Kesegowaase nodded abruptly then looked expectantly across the river hoping to hear the same racket from Rowtag the Younger’s troops.  He was not pleased, because it did not come.

It was then that the entire forest fell silent.  Rarely is the forest silent.  There are some men in the towns of Europe who don’t know a true forest.  They believe that at the fall of the sun, all of the wood goes to sleep along with man, making the earth still as a corpse.  Not so.  Even at its quietest, some segonku is making trouble somewhere or an owl’s wings flutter, nearly noiselessly, but not precisely noiselessly, as it adjusts its flight to fall upon prey on the floor below.  There are always sounds.  There are always sounds, except for when men are about.

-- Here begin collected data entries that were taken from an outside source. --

lemma var_on_le_one_minus_Min_mult_amgm_gap:
  assumes "pos_weights S a" "S \<noteq> {}" "\<And>i. i \<in> S \<Longrightarrow> 0 \<le> y i"
  shows "var_on S a y \<le> (1 - Min (a ` S)) * amgm_gap S a (\<lambda>i. (y i)\<^sup>2)"
  using assms
proof (induction S a rule: pos_weights_remove_induct)
  case (singleton j a)
  then show ?case using singleton_amgm_gap_power2[of j a y] by simp
next
  case (remove S a)
  have fin: "finite S" and "S \<noteq> {}" using remove(1) unfolding pos_weights_def by auto
  then have "Max (y ` S) \<in> y ` S" by (intro Max_in) auto
  then obtain j where j: "j \<in> S" "y j = Max (y ` S)" by auto
  have y_max: "\<And>i. i \<in> S \<Longrightarrow> y i \<le> y j" using fin j(2) by simp
  \<comment> \<open>With \<open>y j\<close> maximal, \<open>H \<le> A \<le> y j\<close> below, so the two-point distance dominates \<open>(y j - A)\<^sup>2\<close>.\<close>
  define p w b S' where "p = a j" and "w = 1 - a j" and "b = (\<lambda>i. a i / (1 - a j))" and "S' = S - {j}"
  define m H A where "m = Min (a ` S)" and "H = geom_on S' b y" and "A = mean_on S' b y"
  define T where "T = p * (y j)\<^sup>2 + w * H\<^sup>2 - (y j powr p * H powr w)\<^sup>2"
  have S': "S' \<noteq> {}" using remove(2)[OF j(1)] unfolding S'_def .
  have b': "finite S'" "\<And>i. i \<in> S' \<Longrightarrow> 0 \<le> b i" "(\<Sum>i\<in>S'. b i) = 1"
    using pos_weights_remove[OF remove(1) j(1)] S' unfolding b_def S'_def pos_weights_def
    by (auto simp: less_imp_le)
  have y': "\<And>i. i \<in> S' \<Longrightarrow> 0 \<le> y i" using remove.prems unfolding S'_def by auto
  have aj: "0 < a j" "a j < 1" using pos_weights_less_one[OF remove(1) j(1)] S' remove(1) j(1)
    unfolding S'_def pos_weights_def by auto
  have m: "m \<le> p" "m \<le> w" "m \<le> Min (b ` S')"
    using Min_pos_weights_le_remove[OF remove(1) j(1)] S' fin j(1)
    unfolding m_def p_def w_def b_def S'_def by auto
  have "var_on S' b y \<le> (1 - Min (b ` S')) * amgm_gap S' b (\<lambda>i. (y i)\<^sup>2)"
    using remove(3)[OF j(1)] y' unfolding b_def S'_def by simp
  also have "\<dots> \<le> (1 - m) * amgm_gap S' b (\<lambda>i. (y i)\<^sup>2)"
    using amgm_gap_nonneg[OF b'(1) S' b'(2,3)] m(3) by (intro mult_right_mono) auto
  finally have var': "var_on S' b y \<le> (1 - m) * amgm_gap S' b (\<lambda>i. (y i)\<^sup>2)" .
  have "0 \<le> H" unfolding H_def by (rule geom_on_nonneg)
  moreover have "H \<le> A"
    unfolding H_def A_def by (rule geom_on_le_mean_on[OF b'(1) S' b'(2,3) y'])
  moreover have "A \<le> y j"
    unfolding A_def by (rule mean_on_le[OF b'(2,3)]) (use y_max in \<open>auto simp: S'_def\<close>)
  ultimately have "p * w * (y j - A)\<^sup>2 \<le> p * w * (y j - H)\<^sup>2"
    using aj unfolding p_def w_def by (intro mult_left_mono power_mono) auto
  also have "\<dots> \<le> (1 - m) * T"
    using two_point_gap_ge_mult[of p "y j" H m] aj m remove.prems[OF j(1)] \<open>0 \<le> H\<close>
    unfolding T_def p_def w_def by simp
  finally have two_point: "p * w * (y j - A)\<^sup>2 \<le> (1 - m) * T" .
  have "var_on S a y = w * var_on S' b y + p * w * (y j - A)\<^sup>2"
    using var_on_remove[of S j a y, OF fin j(1)] remove(1) aj
    unfolding p_def w_def b_def S'_def A_def pos_weights_def by (simp add: mult.commute)
  also have "\<dots> \<le> w * ((1 - m) * amgm_gap S' b (\<lambda>i. (y i)\<^sup>2)) + (1 - m) * T"
    using var' two_point aj unfolding w_def by (intro add_mono mult_left_mono) auto
  also have "\<dots> = (1 - m) * (w * amgm_gap S' b (\<lambda>i. (y i)\<^sup>2) + T)"
    by (simp add: algebra_simps)
  also have "w * amgm_gap S' b (\<lambda>i. (y i)\<^sup>2) + T = amgm_gap S a (\<lambda>i. (y i)\<^sup>2)"
    unfolding p_def w_def b_def S'_def H_def T_def
    by (rule amgm_gap_power2_remove[of S j a y, OF fin j(1) _ remove.prems, symmetric]) (use aj in simp)
  finally show ?case unfolding m_def .
qed
(* Let $d\ge1$, $n\ge1$, $t>0$, $x\in\mathbb{R}^d$, and let $\psi^{*(n)}$ be defined as in the context for the kernel $f$. (i) Suppose $f$ is the Riesz kernel of order $\alpha\in(0,d)$ or the Bessel kernel of order $\alpha\in(0,d)$, and let $D_{\alpha,d}>0$ be a constant such that $J_f(u,v,y,z)\le D_{\alpha,d}(u+v)^{-(d-\alpha)/2}$ for all $u,v>0$, $y,z\in\mathbb{R}^d$. Then for all $\mathbf{s},\mathbf{t}\in(0,t)^n$ with pairwise distinct coordinates, $$\psi^{*(n)}(\mathbf{s},\mathbf{t})\le\Big(D_{\alpha,d}2^{-(d-\alpha)/2}\Big)^n\,[\beta(\mathbf{s})\beta(\mathbf{t})]^{-(d-\alpha)/4},$$ where $\beta(\mathbf{s})=\prod_{j=1}^n(s_{\sigma(j+1)}-s_{\sigma(j)})$ and $\beta(\mathbf{t})=\prod_{j=1}^n(t_{\rho(j+1)}-t_{\rho(j)})$. (ii) Suppose $f$ is the heat kernel of order $\alpha>0$ or the Poisson kernel of order $\alpha>0$. Then there is a constant $C_{\alpha,d}$ depending on $\alpha,d$ such that $\psi^{*(n)}(\mathbf{s},\mathbf{t})\le C_{\alpha,d}^n$ for all such $\mathbf{s},\mathbf{t}$.
   Context: $p_t(x)=(2\pi t)^{-d/2}e^{-|x|^2/(2t)}$ is the heat kernel; $J_f(u,v,y,z)=\int\int p_u(x-y)p_v(x'-z)f(x-x')dx\,dx'$. Kernels: Riesz of order $\alpha\in(0,d)$: $f(x)=\gamma_{\alpha,d}|x|^{-d+\alpha}$, $\gamma_{\alpha,d}=\Gamma((d-\alpha)/2)2^{-\alpha}\pi^{-d/2}/\Gamma(\alpha/2)$; Bessel of order $\alpha>0$: $f(x)=\gamma'_\alpha\int_0^\infty w^{(\alpha-d)/2-1}e^{-w}e^{-|x|^2/(4w)}dw$, $\gamma'_\alpha=(4\pi)^{\alpha/2}\Gamma(\alpha/2)$; heat of order $\alpha$: $f(x)=(2\pi\alpha)^{-d/2}e^{-|x|^2/(2\alpha)}$; Poisson of order $\alpha$: $f(x)=C_d\alpha(|x|^2+\alpha^2)^{-(d+1)/2}$, $C_d=\pi^{-(d+1)/2}\Gamma((d+1)/2)$. For $\mathbf{s}=(s_1,\dots,s_n),\mathbf{t}=(t_1,\dots,t_n)\in(0,t)^n$ with pairwise distinct coordinates, let $\rho,\sigma$ be the permutations of $\{1,\dots,n\}$ with $t_{\rho(1)}<\dots<t_{\rho(n)}$ and $s_{\sigma(1)}<\dots<s_{\sigma(n)}$; set $t_{\rho(n+1)}=s_{\sigma(n+1)}=t$ and $x_{\rho(n+1)}=y_{\sigma(n+1)}=x$, and $$\psi^{*(n)}(\mathbf{s},\mathbf{t})=\int_{\mathbb{R}^{2nd}}\prod_{j=1}^nf(x_j-y_j)\prod_{j=1}^np_{t_{\rho(j+1)}-t_{\rho(j)}}(x_{\rho(j+1)}-x_{\rho(j)})\prod_{j=1}^np_{s_{\sigma(j+1)}-s_{\sigma(j)}}(y_{\sigma(j+1)}-y_{\sigma(j)})\,d\mathbf{x}\,d\mathbf{y},$$ with $\mathbf{x}=(x_1,\dots,x_n),\mathbf{y}=(y_1,\dots,y_n)\in(\mathbb{R}^d)^n$. *)

theory Defs
  imports "HOL-Analysis.Analysis"
begin

text \<open>The space R^d is modelled by a Euclidean space type 'a with d = DIM('a).
Vectors (x_1..x_n), (s_1..s_n) are functions on nat, used on indices 0..n-1 (0-based).\<close>

definition heat :: "real \<Rightarrow> 'a::euclidean_space \<Rightarrow> real" where
  "heat t x = (2 * pi * t) powr (- (real DIM('a) / 2)) * exp (- (norm x)\<^sup>2 / (2 * t))"

definition Jf :: "('a::euclidean_space \<Rightarrow> real) \<Rightarrow> real \<Rightarrow> real \<Rightarrow> 'a \<Rightarrow> 'a \<Rightarrow> ennreal" where
  "Jf f u v y z = (\<integral>\<^sup>+ x. \<integral>\<^sup>+ x'. ennreal (heat u (x - y) * heat v (x' - z) * f (x - x')) \<partial>lborel \<partial>lborel)"

definition riesz :: "real \<Rightarrow> 'a::euclidean_space \<Rightarrow> real" where
  "riesz \<alpha> x = (let d = real DIM('a) in
     Gamma ((d - \<alpha>) / 2) * 2 powr (- \<alpha>) * pi powr (- d / 2) / Gamma (\<alpha> / 2)
     * norm x powr (- d + \<alpha>))"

We knew they were there.  They would know we were here.  The forest was dead, quiet beyond nature.  The Fish were descending the slope, hoping to bring death to us.  I could not hear them, but they came.

It was then that Kesegowaase looked to me with uncertainty.  He had led his people valiantly in battle many times since becoming their chief.  The man had chosen wisely countless times when situations required his judgment around the council fire.  But that night, when the moments slipped through our fingers as we waited for our perfectly timed trap to snap, his heart was stabbed with uncertainty.  I do not fault him, but a chief should not exhibit such conduct, ever.  Rowtag noticed, but turned away, pretending not to see.